Task manager allows tasks to "cancel" themselves, if they run over their timeout, by calling a cancel() method in their runner. Tasks do not have to implement this though.

We're seeing a situation with a customer that involves a task manager task, which looks like has overlapping executions - in theory they should not be overlapping.

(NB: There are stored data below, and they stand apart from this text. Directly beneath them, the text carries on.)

lemma ss_dim_attained:
  assumes "finite \<Omega>" and "\<Omega> \<noteq> {}"
  obtains S where "S \<in> \<Omega>" and "card S = ss_dim \<Omega>"
proof -
  have "ss_dim \<Omega> \<in> card ` \<Omega>" unfolding ss_dim_def using assms by (intro Max_in) auto
  then show ?thesis using that by (auto simp: image_iff)
qed

lemma ss_dim_eqI:
  assumes "finite \<Omega>" and "S \<in> \<Omega>" and "card S = d" and "\<And>T. T \<in> \<Omega> \<Longrightarrow> card T \<le> d"
  shows "ss_dim \<Omega> = d"
  unfolding ss_dim_def using assms by (intro Max_eqI) auto

lemma coeff_F_poly: "coeff (F_poly \<Omega>) n = (if n \<le> ss_dim \<Omega> then real (ss_f \<Omega> n) else 0)"
  unfolding F_poly_def coeff_sum by (simp add: coeff_monom)

lemma F_poly_eq_sum:
  assumes "finite \<Omega>"
  shows "F_poly \<Omega> = (\<Sum>S\<in>\<Omega>. monom 1 (card S))"
proof -
  have "(\<Sum>S\<in>\<Omega>. monom (1::real) (card S))
      = (\<Sum>i\<le>ss_dim \<Omega>. \<Sum>S\<in>{S\<in>\<Omega>. card S = i}. monom 1 (card S))"
    by (rule sum.group[symmetric]) (use assms card_le_ss_dim in auto)
  also have "\<dots> = (\<Sum>i\<le>ss_dim \<Omega>. monom (real (ss_f \<Omega> i)) i)"
    using assms by (simp add: ss_f_def of_nat_poly smult_monom)
  finally show ?thesis unfolding F_poly_def by simp
qed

The task invocations are overlapping because the task exceeds it's timeout, but does not implement the cancel() method. Whether the task implements the method or not, task manager makes the task schedule-able. And because task manager can't actually STOP the task from running (it's just a function invocation, which you don't have control over like you do in Java with thread.kill() or whatever), the task keeps running. And so, overlapping task executions.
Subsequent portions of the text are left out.